#### What to produce
All lines with the word "where" must be pulled from the entries below.

[Stored data]

-------------------------

lemma mmul_blk_blk:
  "mmul q (d + e) (blk d P B C) (blk d P' B' C') =
     blk d (mmul q d P P') (mmul q d B P' + mmul q e C B') (mmul q e C C')"
  by (simp add: blk_eq_vstack[of d P B C] mmul_vstack_left mmul_hstack_blk hstack_zero)
     (simp add: blk_eq_vstack)

definition lower_block :: "nat \<Rightarrow> nat \<Rightarrow> 'k::field tmatrix \<Rightarrow> 'k tmatrix" where
  "lower_block m n M = (\<lambda>i j. if i < n \<and> j < m then M (m + i) j else 0)"

lemma lower_block_blk: "tmat n m Q \<Longrightarrow> lower_block m n (blk m P Q R) = Q"
  by (auto simp: lower_block_def blk_def tmat_def fun_eq_iff)

lemma tmat_lower_block: "tmat n m (lower_block m n M)"
  by (simp add: tmat_def lower_block_def)

lemma lower_block_add: "lower_block m n (M + N) = lower_block m n M + lower_block m n N"
  by (simp add: lower_block_def fun_eq_iff)

lemma lower_block_mscal: "lower_block m n (mscal c M) = mscal c (lower_block m n M)"
  by (simp add: lower_block_def mscal_def fun_eq_iff)

lemma incl_mat_eq_vstack: "incl_mat d e = vstack d 0 (mone e)"
  by (auto simp: incl_mat_def vstack_def mone_def fun_eq_iff)

lemma proj_mat_eq_hstack: "proj_mat d = hstack d (mone d) 0"
  by (auto simp: proj_mat_def hstack_def mone_def fun_eq_iff)

lemma tmat_incl_mat: "tmat (d + e) e (incl_mat d e)"
  by (simp add: incl_mat_eq_vstack tmat_vstack tmat_mone)

lemma tmat_proj_mat: "tmat d (d + e) (proj_mat d)"
  by (simp add: proj_mat_eq_hstack tmat_hstack tmat_mone)

lemma mmul_incl_mat_left: "tmat e n f \<Longrightarrow> mmul q e (incl_mat d e) f = vstack d 0 f"
  by (simp add: incl_mat_eq_vstack mmul_vstack_left mmul_mone_left)

lemma mmul_proj_mat_vstack: "tmat d n f \<Longrightarrow> mmul q (d + e) (proj_mat d) (vstack d f U) = f"
  by (simp add: proj_mat_eq_hstack mmul_hstack_vstack mmul_mone_left)

lemma mmul_hstack_incl_mat: "tmat m e K \<Longrightarrow> mmul q (d + e) (hstack d H K) (incl_mat d e) = K"
  by (simp add: incl_mat_eq_vstack mmul_hstack_vstack mmul_mone_right)

lemma mmul_proj_mat_left:
  assumes "tmat (d + e) n M" shows "mmul q (d + e) (proj_mat d) M = upper_rows d M"
  using mmul_proj_mat_vstack[OF tmat_upper_rows[OF assms, where d = d],
      where q = q and e = e and U = "lower_rows d M"]
  by (simp add: vstack_upper_lower_rows)

lemma mmul_incl_mat_right:
  assumes "tmat m (d + e) M" shows "mmul q (d + e) M (incl_mat d e) = right_cols d M"
  using mmul_hstack_incl_mat[OF tmat_right_cols[OF assms], where q = q and d = d and H = "left_cols d M"]
  by (simp add: hstack_left_right_cols)

lemma mmul_proj_mat_incl_mat: "mmul q (d + e) (proj_mat d) (incl_mat d e) = 0"
  by (simp add: incl_mat_eq_vstack mmul_proj_mat_vstack)

lemma mmul_proj_mat_right: "tmat m d h \<Longrightarrow> mmul q d h (proj_mat d) = hstack d h 0"
  by (simp add: proj_mat_eq_hstack mmul_hstack_right mmul_mone_right)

-------------------------

#### Response to the exercise
definition lower_block :: "nat \<Rightarrow> nat \<Rightarrow> 'k::field tmatrix \<Rightarrow> 'k tmatrix" where
  using mmul_proj_mat_vstack[OF tmat_upper_rows[OF assms, where d = d],
      where q = q and e = e and U = "lower_rows d M"]
  using mmul_hstack_incl_mat[OF tmat_right_cols[OF assms], where q = q and d = d and H = "left_cols d M"]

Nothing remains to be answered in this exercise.